**Task:** Give every entry again precisely as it appears.

○ ○ ○ ○

(* Let $\sigma'\in\Sigma'$. Then there exists a generator $N'\in\mathrm{End}(H'_{\mathbb{Q}})$ of $\sigma'$ such that $\exp(N')\in\Gamma'$, and $\mathrm{Ad}(\gamma)\sigma'\in\Sigma'$ for every $\gamma\in\Gamma'$. Therefore $\Gamma'$ is strongly compatible with $\Sigma'$.
   Context: $H_{\mathbb{Z}}$ is a lattice with a unipotent automorphism $T$, $N=\log T$. $H'_{\mathbb{Z}}=H_{\mathbb{Z}}\oplus\mathbb{Z}e$ (an extension of $\mathbb{Z}$ by $H_{\mathbb{Z}}$, with $e$ mapping to $1$). $\Gamma'$ is the group of automorphisms of $H'_{\mathbb{Z}}$ of the form $\begin{pmatrix}T^n&b\\0&1\end{pmatrix}$ with $n\in\mathbb{Z}$, $b\in H_{\mathbb{Z}}$ (block form with respect to $H_{\mathbb{Z}}\oplus\mathbb{Z}e$). $\Sigma'$ is the set of cones $\mathbb{R}_{\ge0}N'$ where $N'\in\mathrm{End}(H'_{\mathbb{Q}})$, $N'|_{H_{\mathbb{Q}}}=N$, and $N'(e)=N(a)$ for some $a\in H_{\mathbb{Q}}$ with $(T-I)a\in H_{\mathbb{Z}}$. For $\gamma\in\Gamma'$, $\mathrm{Ad}(\gamma)\sigma'=\gamma\sigma'\gamma^{-1}$. Strong compatibility of $\Gamma'$ with $\Sigma'$ means: $\Sigma'$ is stable under $\mathrm{Ad}(\Gamma')$ and each cone of $\Sigma'$ is generated by elements $N'$ with $\exp(N')\in\Gamma'$. *)

theory Defs
  imports "HOL-Analysis.Analysis"
begin

text \<open>The lattice H_Z is Z^n, realised inside H_R = real^'n (index type 'n);
  H'_Z = H_Z + Z e is realised inside real^('n option), where index None is the
  coordinate of the extra basis vector e and Some i the coordinates of H.
  Endomorphisms are real square matrices; rational endomorphisms are those with
  rational entries.\<close>

primrec mpow :: "real^'m^'m \<Rightarrow> nat \<Rightarrow> real^'m^'m" where
  "mpow A 0 = mat 1"
| "mpow A (Suc k) = A ** mpow A k"

definition ipow :: "real^'m^'m \<Rightarrow> int \<Rightarrow> real^'m^'m" where
  "ipow A n = (if 0 \<le> n then mpow A (nat n) else mpow (matrix_inv A) (nat (- n)))"

definition mexp :: "real^'m^'m \<Rightarrow> real^'m^'m" where
  "mexp A = (\<Sum>k. (1 / fact k) *\<^sub>R mpow A k)"

definition mlog :: "real^'m^'m \<Rightarrow> real^'m^'m" where
  "mlog T = (\<Sum>k. ((-1) ^ k / real (Suc k)) *\<^sub>R mpow (T - mat 1) (Suc k))"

○ ○ ○ ○

**Reply to the exercise:**
(* Let $\sigma'\in\Sigma'$. Then there exists a generator $N'\in\mathrm{End}(H'_{\mathbb{Q}})$ of $\sigma'$ such that $\exp(N')\in\Gamma'$, and $\mathrm{Ad}(\gamma)\sigma'\in\Sigma'$ for every $\gamma\in\Gamma'$. Therefore $\Gamma'$ is strongly compatible with $\Sigma'$.
   Context: $H_{\mathbb{Z}}$ is a lattice with a unipotent automorphism $T$, $N=\log T$. $H'_{\mathbb{Z}}=H_{\mathbb{Z}}\oplus\mathbb{Z}e$ (an extension of $\mathbb{Z}$ by $H_{\mathbb{Z}}$, with $e$ mapping to $1$). $\Gamma'$ is the group of automorphisms of $H'_{\mathbb{Z}}$ of the form $\begin{pmatrix}T^n&b\\0&1\end{pmatrix}$ with $n\in\mathbb{Z}$, $b\in H_{\mathbb{Z}}$ (block form with respect to $H_{\mathbb{Z}}\oplus\mathbb{Z}e$). $\Sigma'$ is the set of cones $\mathbb{R}_{\ge0}N'$ where $N'\in\mathrm{End}(H'_{\mathbb{Q}})$, $N'|_{H_{\mathbb{Q}}}=N$, and $N'(e)=N(a)$ for some $a\in H_{\mathbb{Q}}$ with $(T-I)a\in H_{\mathbb{Z}}$. For $\gamma\in\Gamma'$, $\mathrm{Ad}(\gamma)\sigma'=\gamma\sigma'\gamma^{-1}$. Strong compatibility of $\Gamma'$ with $\Sigma'$ means: $\Sigma'$ is stable under $\mathrm{Ad}(\Gamma')$ and each cone of $\Sigma'$ is generated by elements $N'$ with $\exp(N')\in\Gamma'$. *)

theory Defs
  imports "HOL-Analysis.Analysis"
begin

text \<open>The lattice H_Z is Z^n, realised inside H_R = real^'n (index type 'n);
  H'_Z = H_Z + Z e is realised inside real^('n option), where index None is the
  coordinate of the extra basis vector e and Some i the coordinates of H.
  Endomorphisms are real square matrices; rational endomorphisms are those with
  rational entries.\<close>

primrec mpow :: "real^'m^'m \<Rightarrow> nat \<Rightarrow> real^'m^'m" where
  "mpow A 0 = mat 1"
| "mpow A (Suc k) = A ** mpow A k"

definition ipow :: "real^'m^'m \<Rightarrow> int \<Rightarrow> real^'m^'m" where
  "ipow A n = (if 0 \<le> n then mpow A (nat n) else mpow (matrix_inv A) (nat (- n)))"

definition mexp :: "real^'m^'m \<Rightarrow> real^'m^'m" where
  "mexp A = (\<Sum>k. (1 / fact k) *\<^sub>R mpow A k)"

definition mlog :: "real^'m^'m \<Rightarrow> real^'m^'m" where
  "mlog T = (\<Sum>k. ((-1) ^ k / real (Suc k)) *\<^sub>R mpow (T - mat 1) (Suc k))"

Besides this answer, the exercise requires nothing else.